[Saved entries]
(* Let $n\ge2$ and $\Gamma_n=\langle c,\mu\mid c^n\mu^{-3}c^n\mu^{-1}=1\rangle$ (the fundamental group of the 3-manifold $M_n$ obtained by gluing the exterior of the $(2,2n)$-torus link to the orientable $I$-bundle over the Klein bottle). Embed $X(\Gamma_n,\mathrm{SL}_2(\mathbb C))_{\mathrm{red}}$ in $\mathbb C^3$ via the coordinates $(t_c,t_\mu,t_{c\mu})$, and for $k=1,\dots,n-1$ let $$Y_k=\{(t_c,t_\mu,t_{c\mu})\in\mathbb C^3\mid t_\mu=0,\ t_c=2\cos(\pi k/n)\}.$$ Then each $Y_k$ is contained in $X(\Gamma_n,\mathrm{SL}_2(\mathbb C))_{\mathrm{red}}$ and is an irreducible component of it containing characters of simple representations.
   Context: $X(\Gamma,\mathrm{SL}_2(\mathbb C))_{\mathrm{red}}$ is the $\mathrm{SL}_2(\mathbb C)$-character variety (reduced character scheme) of $\Gamma$; $t_\gamma$ is the trace function of $\gamma$, and for a two-generated group the functions $t_c,t_\mu,t_{c\mu}$ generate the coordinate ring. A representation $\rho$ is simple if $\rho(\Gamma)$ spans $M_2(\mathbb C)$ linearly. *)

theory Defs
  imports "HOL-Analysis.Analysis"
begin

type_synonym cmat = "complex^2^2"
type_synonym pt3 = "complex \<times> complex \<times> complex"

fun mpow :: "cmat \<Rightarrow> nat \<Rightarrow> cmat" where
  "mpow A 0 = mat 1"
| "mpow A (Suc m) = A ** mpow A m"

text \<open>Representations of Gamma_n = < c, mu | c^n mu^-3 c^n mu^-1 = 1 > into SL_2(C),
  given by the images A = rho(c), B = rho(mu).\<close>
definition is_rep :: "nat \<Rightarrow> cmat \<Rightarrow> cmat \<Rightarrow> bool" where
  "is_rep n A B \<longleftrightarrow> det A = 1 \<and> det B = 1 \<and>
     mpow A n ** mpow (matrix_inv B) 3 ** mpow A n ** matrix_inv B = mat 1"

inductive_set gen_group :: "cmat \<Rightarrow> cmat \<Rightarrow> cmat set" for A B where
  one: "mat 1 \<in> gen_group A B"
| genA: "A \<in> gen_group A B"
| genB: "B \<in> gen_group A B"
| invA: "matrix_inv A \<in> gen_group A B"
| invB: "matrix_inv B \<in> gen_group A B"
| mult: "g \<in> gen_group A B \<Longrightarrow> h \<in> gen_group A B \<Longrightarrow> g ** h \<in> gen_group A B"

definition csmult :: "complex \<Rightarrow> cmat \<Rightarrow> cmat" where
  "csmult c M = (\<chi> i j. c * M $ i $ j)"

text \<open>rho is simple iff rho(Gamma) spans M_2(C) as a complex vector space.\<close>
definition simple_rep :: "cmat \<Rightarrow> cmat \<Rightarrow> bool" where
  "simple_rep A B \<longleftrightarrow> (\<forall>M :: cmat. \<exists>S c. finite S \<and> S \<subseteq> gen_group A B \<and>
       M = (\<Sum>g\<in>S. csmult (c g) g))"

definition char_pt :: "cmat \<Rightarrow> cmat \<Rightarrow> pt3" where
  "char_pt A B = (trace A, trace B, trace (A ** B))"

text \<open>The (reduced) character variety, as a point set in C^3.\<close>
definition charvar :: "nat \<Rightarrow> pt3 set" where
  "charvar n = {char_pt A B | A B. is_rep n A B}"

inductive_set poly3 :: "(pt3 \<Rightarrow> complex) set" where
  const: "(\<lambda>_. a) \<in> poly3"
| px: "(\<lambda>(x,y,z). x) \<in> poly3"
| py: "(\<lambda>(x,y,z). y) \<in> poly3"
| pz: "(\<lambda>(x,y,z). z) \<in> poly3"
| add: "f \<in> poly3 \<Longrightarrow> g \<in> poly3 \<Longrightarrow> (\<lambda>p. f p + g p) \<in> poly3"
| mul: "f \<in> poly3 \<Longrightarrow> g \<in> poly3 \<Longrightarrow> (\<lambda>p. f p * g p) \<in> poly3"

definition zariski_closed :: "pt3 set \<Rightarrow> bool" where
  "zariski_closed S \<longleftrightarrow> (\<exists>F \<subseteq> poly3. S = {p. \<forall>f\<in>F. f p = 0})"

definition zariski_irreducible :: "pt3 set \<Rightarrow> bool" where
  "zariski_irreducible Z \<longleftrightarrow> Z \<noteq> {} \<and>
     (\<forall>C1 C2. zariski_closed C1 \<and> zariski_closed C2 \<and> Z \<subseteq> C1 \<union> C2 \<longrightarrow> Z \<subseteq> C1 \<or> Z \<subseteq> C2)"

definition irreducible_component :: "pt3 set \<Rightarrow> pt3 set \<Rightarrow> bool" where
  "irreducible_component X Z \<longleftrightarrow> Z \<subseteq> X \<and> zariski_irreducible Z \<and>
     (\<forall>W. zariski_irreducible W \<and> Z \<subseteq> W \<and> W \<subseteq> X \<longrightarrow> W = Z)"

definition Yk :: "nat \<Rightarrow> nat \<Rightarrow> pt3 set" where
  "Yk n k = {(tc, tm, tcm). tm = 0 \<and> tc = complex_of_real (2 * cos (pi * real k / real n))}"

end

theory Submission
  imports Defs "HOL-Computational_Algebra.Polynomial"
begin

text \<open>
  Let A = rho(c), B = rho(mu) and X = A^n, so that X commutes with A and the relator reads
  X B^-3 X B^-1 = 1.  Put W = X B^-3; then W X = B and W^2 = B^-2.  If tr B is nonzero,
  Cayley-Hamilton turns W^2 = B^-2 into W = s B^-1, hence X is a multiple of B^2 and A commutes
  with B, so the character lies on the surface kappa = 0 of reducible characters.  If tr B = 0 the
  relator becomes X B X = B: either X = +-1, and then tr A = 2 cos (pi j / n) for some j, or A lies
  in the pencil spanned by 1 and X, and then tr AB = 0.  Hence, off Y_k, the character variety lies
  in the Zariski closed set cut out by kappa t_mu = 0 and kappa t_c_mu P(t_c) = 0, where P vanishes
  at the other values 2 cos (pi j / n); this set misses a point of Y_k, which makes the irreducible
  line Y_k a component.  Every point of Y_k is the character of A = diag(e^(i pi k/n), e^(-i pi k/n))
  with some traceless B, and for B = [[0,1],[-1,0]] the representation is simple.
\<close>

definition mat2 :: "complex \<Rightarrow> complex \<Rightarrow> complex \<Rightarrow> complex \<Rightarrow> cmat" where
  "mat2 a b c d = (\<chi> i j. if i = 1 then (if j = 1 then a else b) else (if j = 1 then c else d))"

definition vec2 :: "complex \<Rightarrow> complex \<Rightarrow> complex^2" where
  "vec2 x y = (\<chi> i. if i = 1 then x else y)"

lemma mat2_nth [simp]:
  "mat2 a b c d $ 1 $ 1 = a" "mat2 a b c d $ 1 $ 2 = b"
  "mat2 a b c d $ 2 $ 1 = c" "mat2 a b c d $ 2 $ 2 = d"
  by (simp_all add: mat2_def)

lemma vec2_nth [simp]: "vec2 x y $ 1 = x" "vec2 x y $ 2 = y"
  by (simp_all add: vec2_def)

lemma mat2_cases: obtains a b c d where "M = mat2 a b c d"
proof
  show "M = mat2 (M$1$1) (M$1$2) (M$2$1) (M$2$2)"
    unfolding vec_eq_iff forall_2 by simp
qed

lemma vec2_cases: obtains x y where "v = vec2 x y"
proof
  show "v = vec2 (v$1) (v$2)"
    unfolding vec_eq_iff forall_2 by simp
qed

lemma mat2_eq_iff [simp]:
  "mat2 a b c d = mat2 a' b' c' d' \<longleftrightarrow> a = a' \<and> b = b' \<and> c = c' \<and> d = d'"
  by (metis mat2_nth)

lemma vec2_eq_iff [simp]: "vec2 x y = vec2 x' y' \<longleftrightarrow> x = x' \<and> y = y'"
  by (metis vec2_nth)

lemma mat2_mult [simp]:
  "mat2 a b c d ** mat2 e f g h = mat2 (a*e + b*g) (a*f + b*h) (c*e + d*g) (c*f + d*h)"
  unfolding matrix_matrix_mult_def vec_eq_iff forall_2 by (simp add: sum_2)

lemma mat2_mult_vec2 [simp]: "mat2 a b c d *v vec2 x y = vec2 (a*x + b*y) (c*x + d*y)"
  unfolding matrix_vector_mult_def vec_eq_iff forall_2 by (simp add: sum_2)

lemma det_mat2 [simp]: "det (mat2 a b c d) = a*d - b*c"
  by (simp add: det_2)

lemma trace_mat2 [simp]: "trace (mat2 a b c d) = a + d"
  by (simp add: trace_def sum_2)

lemma mat_1_eq_mat2: "mat 1 = mat2 1 0 0 1"
  unfolding vec_eq_iff forall_2 by (simp add: mat_def)

lemma plus_mat2 [simp]: "mat2 a b c d + mat2 e f g h = mat2 (a+e) (b+f) (c+g) (d+h)"
  unfolding vec_eq_iff forall_2 by simp

lemma csmult_mat2 [simp]: "csmult s (mat2 a b c d) = mat2 (s*a) (s*b) (s*c) (s*d)"
  unfolding csmult_def vec_eq_iff forall_2 by simp

lemma smult_vec2 [simp]: "s *s vec2 x y = vec2 (s*x) (s*y)"
  unfolding vec_eq_iff forall_2 by simp

lemma zero_vec2: "0 = vec2 0 0"
  unfolding vec_eq_iff forall_2 by simp

lemma matrix_inv_mat2:
  assumes "a*d - b*c = 1"
  shows "matrix_inv (mat2 a b c d) = mat2 d (-b) (-c) a"
proof -
  let ?M = "mat2 a b c d" and ?N = "mat2 d (-b) (-c) a"
  have inverse: "?M ** ?N = mat 1" "?N ** ?M = mat 1"
    using assms by (simp_all add: mat_1_eq_mat2 algebra_simps)
  then have inv: "?M ** matrix_inv ?M = mat 1 \<and> matrix_inv ?M ** ?M = mat 1"
    unfolding matrix_inv_def by (rule someI[of _ ?N, OF conjI])
  then have "matrix_inv ?M = matrix_inv ?M ** (?M ** ?N)"
    using inverse by (simp del: mat2_mult)
  also have "\<dots> = ?N"
    using inv by (simp add: matrix_mul_assoc del: mat2_mult)
  finally show ?thesis .
qed

lemma matrix_inv_mult_SL2:
  fixes B :: cmat
  assumes "det B = 1"
  shows "matrix_inv B ** B = mat 1" "B ** matrix_inv B = mat 1"
proof -
  obtain a b c d where B: "B = mat2 a b c d" by (rule mat2_cases)
  have "a*d - b*c = 1" using assms B by simp
  then show "matrix_inv B ** B = mat 1" "B ** matrix_inv B = mat 1"
    unfolding B by (simp_all add: matrix_inv_mat2 mat_1_eq_mat2 algebra_simps)
qed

● **Task statement**: All lines above in which the word "commutes" occurs should be identified and copied.

● **Result**:
  Let A = rho(c), B = rho(mu) and X = A^n, so that X commutes with A and the relator reads
  Cayley-Hamilton turns W^2 = B^-2 into W = s B^-1, hence X is a multiple of B^2 and A commutes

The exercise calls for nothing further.